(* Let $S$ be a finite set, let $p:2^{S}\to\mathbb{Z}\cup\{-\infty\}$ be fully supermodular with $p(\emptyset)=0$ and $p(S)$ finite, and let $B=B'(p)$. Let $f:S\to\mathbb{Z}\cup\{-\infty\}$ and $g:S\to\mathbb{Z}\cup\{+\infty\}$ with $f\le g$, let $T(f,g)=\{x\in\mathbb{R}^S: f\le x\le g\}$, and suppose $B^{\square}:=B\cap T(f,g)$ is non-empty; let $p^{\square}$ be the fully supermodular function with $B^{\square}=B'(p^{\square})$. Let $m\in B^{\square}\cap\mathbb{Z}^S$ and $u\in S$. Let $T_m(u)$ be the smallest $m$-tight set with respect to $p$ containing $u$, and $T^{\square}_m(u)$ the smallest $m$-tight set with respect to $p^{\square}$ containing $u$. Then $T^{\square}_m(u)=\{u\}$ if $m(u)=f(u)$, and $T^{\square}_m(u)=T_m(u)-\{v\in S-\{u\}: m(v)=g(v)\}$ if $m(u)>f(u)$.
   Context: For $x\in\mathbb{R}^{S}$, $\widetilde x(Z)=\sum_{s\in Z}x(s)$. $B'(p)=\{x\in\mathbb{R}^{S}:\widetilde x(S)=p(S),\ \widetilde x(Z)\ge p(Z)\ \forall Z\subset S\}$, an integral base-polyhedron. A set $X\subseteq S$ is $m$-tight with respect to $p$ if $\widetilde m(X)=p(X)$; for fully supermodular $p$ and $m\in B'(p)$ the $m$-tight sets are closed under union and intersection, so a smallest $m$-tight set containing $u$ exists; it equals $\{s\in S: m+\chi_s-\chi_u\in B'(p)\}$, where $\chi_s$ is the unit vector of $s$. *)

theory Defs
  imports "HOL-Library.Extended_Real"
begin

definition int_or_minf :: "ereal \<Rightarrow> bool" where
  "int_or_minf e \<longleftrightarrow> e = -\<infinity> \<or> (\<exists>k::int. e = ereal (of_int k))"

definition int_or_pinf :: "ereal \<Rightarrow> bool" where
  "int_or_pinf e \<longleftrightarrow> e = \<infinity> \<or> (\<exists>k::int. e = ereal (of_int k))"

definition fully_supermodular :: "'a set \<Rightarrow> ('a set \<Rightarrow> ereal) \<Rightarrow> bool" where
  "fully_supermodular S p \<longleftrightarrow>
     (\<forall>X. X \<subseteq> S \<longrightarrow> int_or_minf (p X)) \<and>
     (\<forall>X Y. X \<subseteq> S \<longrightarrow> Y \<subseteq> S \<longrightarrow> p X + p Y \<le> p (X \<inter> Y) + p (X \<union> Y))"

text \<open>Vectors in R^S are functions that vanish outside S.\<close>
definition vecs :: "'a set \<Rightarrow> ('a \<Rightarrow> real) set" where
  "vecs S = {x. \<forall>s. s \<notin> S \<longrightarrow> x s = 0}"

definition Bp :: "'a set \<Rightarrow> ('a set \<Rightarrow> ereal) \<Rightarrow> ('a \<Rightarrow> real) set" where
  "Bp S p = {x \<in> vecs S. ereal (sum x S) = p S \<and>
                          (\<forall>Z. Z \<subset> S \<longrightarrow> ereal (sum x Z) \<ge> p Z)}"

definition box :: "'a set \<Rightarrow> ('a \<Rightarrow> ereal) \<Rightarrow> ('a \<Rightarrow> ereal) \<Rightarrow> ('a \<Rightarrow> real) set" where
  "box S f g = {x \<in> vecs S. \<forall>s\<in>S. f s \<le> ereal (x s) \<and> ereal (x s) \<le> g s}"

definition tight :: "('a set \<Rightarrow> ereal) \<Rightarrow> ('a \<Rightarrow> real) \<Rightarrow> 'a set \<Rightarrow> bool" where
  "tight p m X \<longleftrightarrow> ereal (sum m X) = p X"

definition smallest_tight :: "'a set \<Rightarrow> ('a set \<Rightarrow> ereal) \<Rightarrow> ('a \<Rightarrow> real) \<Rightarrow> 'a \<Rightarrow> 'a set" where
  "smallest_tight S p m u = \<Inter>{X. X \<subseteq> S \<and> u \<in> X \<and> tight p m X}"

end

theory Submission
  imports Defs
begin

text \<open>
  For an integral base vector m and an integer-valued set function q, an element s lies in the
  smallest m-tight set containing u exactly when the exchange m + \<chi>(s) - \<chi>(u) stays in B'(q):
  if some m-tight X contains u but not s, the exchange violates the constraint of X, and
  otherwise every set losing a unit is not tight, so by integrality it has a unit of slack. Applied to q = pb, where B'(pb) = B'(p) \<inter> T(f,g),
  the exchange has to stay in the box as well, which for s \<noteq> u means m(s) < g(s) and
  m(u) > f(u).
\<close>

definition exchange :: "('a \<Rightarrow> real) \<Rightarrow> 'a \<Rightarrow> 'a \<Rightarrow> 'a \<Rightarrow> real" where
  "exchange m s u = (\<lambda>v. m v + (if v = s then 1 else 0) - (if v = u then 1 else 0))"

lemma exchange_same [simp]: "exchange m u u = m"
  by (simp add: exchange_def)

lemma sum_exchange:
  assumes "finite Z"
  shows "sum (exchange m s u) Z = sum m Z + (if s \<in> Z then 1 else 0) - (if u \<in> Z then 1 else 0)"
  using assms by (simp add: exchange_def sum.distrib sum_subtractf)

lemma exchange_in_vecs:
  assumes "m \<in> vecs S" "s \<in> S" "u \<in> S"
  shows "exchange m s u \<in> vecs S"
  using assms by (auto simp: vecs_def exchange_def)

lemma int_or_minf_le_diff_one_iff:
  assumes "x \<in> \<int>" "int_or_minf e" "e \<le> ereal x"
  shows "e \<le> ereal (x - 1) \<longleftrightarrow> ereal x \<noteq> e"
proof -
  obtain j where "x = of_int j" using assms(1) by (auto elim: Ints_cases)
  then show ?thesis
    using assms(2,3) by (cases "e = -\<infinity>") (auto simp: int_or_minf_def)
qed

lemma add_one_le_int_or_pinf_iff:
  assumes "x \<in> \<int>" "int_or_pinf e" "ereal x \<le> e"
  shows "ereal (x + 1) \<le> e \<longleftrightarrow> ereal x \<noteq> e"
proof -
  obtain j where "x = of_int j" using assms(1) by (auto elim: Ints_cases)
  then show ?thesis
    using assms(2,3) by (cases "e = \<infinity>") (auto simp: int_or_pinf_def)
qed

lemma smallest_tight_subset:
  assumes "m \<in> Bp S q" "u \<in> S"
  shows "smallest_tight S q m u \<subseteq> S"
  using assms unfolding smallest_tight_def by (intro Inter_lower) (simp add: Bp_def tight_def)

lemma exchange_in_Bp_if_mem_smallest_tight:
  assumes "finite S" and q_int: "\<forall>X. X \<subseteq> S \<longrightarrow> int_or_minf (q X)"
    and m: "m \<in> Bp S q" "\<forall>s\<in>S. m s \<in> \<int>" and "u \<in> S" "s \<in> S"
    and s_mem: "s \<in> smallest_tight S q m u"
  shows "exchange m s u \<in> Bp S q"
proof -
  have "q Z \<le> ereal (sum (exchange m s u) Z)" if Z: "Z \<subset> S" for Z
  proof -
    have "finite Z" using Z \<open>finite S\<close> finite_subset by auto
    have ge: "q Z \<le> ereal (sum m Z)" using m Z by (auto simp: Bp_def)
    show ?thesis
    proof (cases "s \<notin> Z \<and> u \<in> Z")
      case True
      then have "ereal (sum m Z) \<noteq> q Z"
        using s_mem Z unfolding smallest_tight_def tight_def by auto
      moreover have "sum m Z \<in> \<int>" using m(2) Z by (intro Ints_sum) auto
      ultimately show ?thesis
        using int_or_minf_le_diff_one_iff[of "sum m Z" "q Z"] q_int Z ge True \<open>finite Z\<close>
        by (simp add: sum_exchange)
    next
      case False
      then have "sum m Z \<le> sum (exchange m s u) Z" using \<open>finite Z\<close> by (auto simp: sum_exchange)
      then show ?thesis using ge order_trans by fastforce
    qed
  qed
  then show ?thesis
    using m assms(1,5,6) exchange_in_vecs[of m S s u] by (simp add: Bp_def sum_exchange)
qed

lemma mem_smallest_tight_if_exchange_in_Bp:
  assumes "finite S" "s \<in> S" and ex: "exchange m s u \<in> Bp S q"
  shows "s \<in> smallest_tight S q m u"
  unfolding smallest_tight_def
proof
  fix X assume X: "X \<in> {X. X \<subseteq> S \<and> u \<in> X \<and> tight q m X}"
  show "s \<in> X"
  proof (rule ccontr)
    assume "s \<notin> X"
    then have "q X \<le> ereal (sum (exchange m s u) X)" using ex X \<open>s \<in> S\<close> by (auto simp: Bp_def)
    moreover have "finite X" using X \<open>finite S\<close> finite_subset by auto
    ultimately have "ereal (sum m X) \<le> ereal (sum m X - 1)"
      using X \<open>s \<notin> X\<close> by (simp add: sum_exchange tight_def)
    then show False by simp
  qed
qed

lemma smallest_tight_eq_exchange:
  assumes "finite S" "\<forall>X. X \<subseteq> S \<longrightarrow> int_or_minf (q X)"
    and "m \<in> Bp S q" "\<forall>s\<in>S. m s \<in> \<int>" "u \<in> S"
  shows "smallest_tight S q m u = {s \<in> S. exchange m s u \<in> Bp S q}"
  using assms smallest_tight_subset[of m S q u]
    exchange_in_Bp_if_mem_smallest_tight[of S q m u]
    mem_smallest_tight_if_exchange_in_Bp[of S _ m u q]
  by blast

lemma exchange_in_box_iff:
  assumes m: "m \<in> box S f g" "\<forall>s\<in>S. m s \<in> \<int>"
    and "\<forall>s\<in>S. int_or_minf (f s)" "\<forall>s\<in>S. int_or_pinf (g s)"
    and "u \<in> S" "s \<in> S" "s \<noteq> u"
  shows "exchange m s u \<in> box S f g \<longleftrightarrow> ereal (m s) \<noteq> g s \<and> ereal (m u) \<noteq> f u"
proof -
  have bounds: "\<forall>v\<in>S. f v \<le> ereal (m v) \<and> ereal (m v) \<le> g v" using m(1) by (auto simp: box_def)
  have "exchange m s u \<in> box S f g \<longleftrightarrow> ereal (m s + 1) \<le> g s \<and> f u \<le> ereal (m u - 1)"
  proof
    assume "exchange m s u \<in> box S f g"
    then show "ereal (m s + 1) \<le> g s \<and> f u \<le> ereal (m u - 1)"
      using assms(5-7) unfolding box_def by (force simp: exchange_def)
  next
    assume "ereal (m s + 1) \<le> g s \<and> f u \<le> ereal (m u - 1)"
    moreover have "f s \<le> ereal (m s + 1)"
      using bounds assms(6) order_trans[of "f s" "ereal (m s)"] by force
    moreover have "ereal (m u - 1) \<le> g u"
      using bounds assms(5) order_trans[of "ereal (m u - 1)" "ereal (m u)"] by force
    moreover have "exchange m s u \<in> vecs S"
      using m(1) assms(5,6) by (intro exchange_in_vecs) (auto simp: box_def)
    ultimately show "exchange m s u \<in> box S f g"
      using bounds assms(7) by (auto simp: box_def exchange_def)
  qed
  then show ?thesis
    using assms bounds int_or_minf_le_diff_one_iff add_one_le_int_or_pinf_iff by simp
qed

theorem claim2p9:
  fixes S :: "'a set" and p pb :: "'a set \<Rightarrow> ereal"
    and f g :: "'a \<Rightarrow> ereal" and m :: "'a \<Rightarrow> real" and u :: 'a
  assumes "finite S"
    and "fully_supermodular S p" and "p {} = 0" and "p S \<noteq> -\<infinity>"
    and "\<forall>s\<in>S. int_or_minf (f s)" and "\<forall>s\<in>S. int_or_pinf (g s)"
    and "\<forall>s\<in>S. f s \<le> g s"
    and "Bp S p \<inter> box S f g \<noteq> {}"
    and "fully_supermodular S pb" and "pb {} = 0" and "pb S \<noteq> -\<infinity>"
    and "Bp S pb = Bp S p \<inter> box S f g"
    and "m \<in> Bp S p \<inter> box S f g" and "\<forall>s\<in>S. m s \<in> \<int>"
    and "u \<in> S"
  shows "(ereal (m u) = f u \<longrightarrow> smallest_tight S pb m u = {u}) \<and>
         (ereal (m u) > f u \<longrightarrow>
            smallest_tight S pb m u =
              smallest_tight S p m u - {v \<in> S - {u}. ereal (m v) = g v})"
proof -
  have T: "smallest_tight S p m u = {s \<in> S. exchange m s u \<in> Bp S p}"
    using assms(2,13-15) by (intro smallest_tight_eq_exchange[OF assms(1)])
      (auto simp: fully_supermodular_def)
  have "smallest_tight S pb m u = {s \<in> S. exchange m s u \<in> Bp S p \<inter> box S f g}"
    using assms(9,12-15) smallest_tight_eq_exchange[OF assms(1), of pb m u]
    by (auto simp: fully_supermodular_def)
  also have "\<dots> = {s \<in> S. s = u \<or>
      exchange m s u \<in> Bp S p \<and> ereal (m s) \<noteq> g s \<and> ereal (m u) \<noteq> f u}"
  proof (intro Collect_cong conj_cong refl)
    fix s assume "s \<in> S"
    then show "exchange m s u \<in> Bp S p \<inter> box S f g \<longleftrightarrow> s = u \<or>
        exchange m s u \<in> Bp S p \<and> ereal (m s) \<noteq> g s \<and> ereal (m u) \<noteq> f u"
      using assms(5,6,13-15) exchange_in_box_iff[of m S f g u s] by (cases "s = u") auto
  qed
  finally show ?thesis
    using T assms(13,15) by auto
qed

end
---
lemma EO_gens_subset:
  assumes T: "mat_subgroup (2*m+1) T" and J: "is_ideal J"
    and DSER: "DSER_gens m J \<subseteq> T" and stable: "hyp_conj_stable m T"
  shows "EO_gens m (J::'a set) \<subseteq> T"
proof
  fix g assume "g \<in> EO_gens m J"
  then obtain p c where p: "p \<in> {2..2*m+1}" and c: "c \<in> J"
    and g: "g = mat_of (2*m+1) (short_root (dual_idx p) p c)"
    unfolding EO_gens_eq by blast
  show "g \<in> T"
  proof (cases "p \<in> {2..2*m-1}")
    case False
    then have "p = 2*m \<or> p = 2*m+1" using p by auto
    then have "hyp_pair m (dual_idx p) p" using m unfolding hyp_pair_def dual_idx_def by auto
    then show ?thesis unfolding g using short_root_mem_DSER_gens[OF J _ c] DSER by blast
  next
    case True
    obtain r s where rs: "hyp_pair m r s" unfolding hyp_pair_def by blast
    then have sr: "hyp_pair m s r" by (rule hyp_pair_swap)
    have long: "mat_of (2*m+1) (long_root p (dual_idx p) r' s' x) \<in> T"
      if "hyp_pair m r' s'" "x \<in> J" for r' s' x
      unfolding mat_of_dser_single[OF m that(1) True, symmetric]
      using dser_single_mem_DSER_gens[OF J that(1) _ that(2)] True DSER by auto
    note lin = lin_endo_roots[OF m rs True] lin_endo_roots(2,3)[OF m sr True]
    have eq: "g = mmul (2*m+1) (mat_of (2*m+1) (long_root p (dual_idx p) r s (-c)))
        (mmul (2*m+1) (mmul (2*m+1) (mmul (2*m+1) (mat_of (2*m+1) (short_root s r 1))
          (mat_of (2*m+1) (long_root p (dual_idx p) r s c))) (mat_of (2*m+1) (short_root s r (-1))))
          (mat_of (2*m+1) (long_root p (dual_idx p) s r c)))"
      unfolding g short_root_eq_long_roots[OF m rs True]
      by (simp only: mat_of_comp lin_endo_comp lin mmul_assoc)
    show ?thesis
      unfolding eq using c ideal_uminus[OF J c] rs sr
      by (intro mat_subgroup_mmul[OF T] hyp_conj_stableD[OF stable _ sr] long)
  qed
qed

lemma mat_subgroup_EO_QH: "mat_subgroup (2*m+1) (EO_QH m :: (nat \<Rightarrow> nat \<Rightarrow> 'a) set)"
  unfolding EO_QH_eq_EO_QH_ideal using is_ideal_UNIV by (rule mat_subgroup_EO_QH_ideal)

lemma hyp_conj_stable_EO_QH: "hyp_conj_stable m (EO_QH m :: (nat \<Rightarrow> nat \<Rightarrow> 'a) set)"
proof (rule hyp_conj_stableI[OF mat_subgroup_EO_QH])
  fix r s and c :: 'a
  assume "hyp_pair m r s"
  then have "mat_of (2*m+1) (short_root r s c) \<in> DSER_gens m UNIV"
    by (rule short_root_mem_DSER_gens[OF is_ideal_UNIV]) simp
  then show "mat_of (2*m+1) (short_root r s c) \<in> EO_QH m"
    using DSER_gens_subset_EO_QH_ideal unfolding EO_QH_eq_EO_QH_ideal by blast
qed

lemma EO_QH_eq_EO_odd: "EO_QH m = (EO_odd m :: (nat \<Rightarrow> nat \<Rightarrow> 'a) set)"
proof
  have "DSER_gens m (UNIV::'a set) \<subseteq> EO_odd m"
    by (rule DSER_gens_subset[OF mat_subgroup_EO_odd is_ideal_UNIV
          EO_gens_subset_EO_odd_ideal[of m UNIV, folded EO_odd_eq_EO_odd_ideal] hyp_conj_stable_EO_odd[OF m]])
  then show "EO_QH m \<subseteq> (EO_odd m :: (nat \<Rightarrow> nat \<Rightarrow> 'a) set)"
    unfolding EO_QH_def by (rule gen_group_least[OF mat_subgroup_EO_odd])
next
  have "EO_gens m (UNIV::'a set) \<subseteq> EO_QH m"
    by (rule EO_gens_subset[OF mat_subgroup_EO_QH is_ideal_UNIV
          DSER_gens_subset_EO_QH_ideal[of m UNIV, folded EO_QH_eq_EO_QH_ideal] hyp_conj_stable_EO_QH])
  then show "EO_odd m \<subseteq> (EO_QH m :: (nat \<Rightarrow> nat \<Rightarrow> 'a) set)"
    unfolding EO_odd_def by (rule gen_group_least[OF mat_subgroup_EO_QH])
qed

# Problem to solve
Please reproduce exactly the lines in the listing above from the one containing "f s \<le> g" through the one containing "S pb = Bp S", both included, and nothing more.

# Result of the task
    and "\<forall>s\<in>S. f s \<le> g s"
    and "Bp S p \<inter> box S f g \<noteq> {}"
    and "fully_supermodular S pb" and "pb {} = 0" and "pb S \<noteq> -\<infinity>"
    and "Bp S pb = Bp S p \<inter> box S f g"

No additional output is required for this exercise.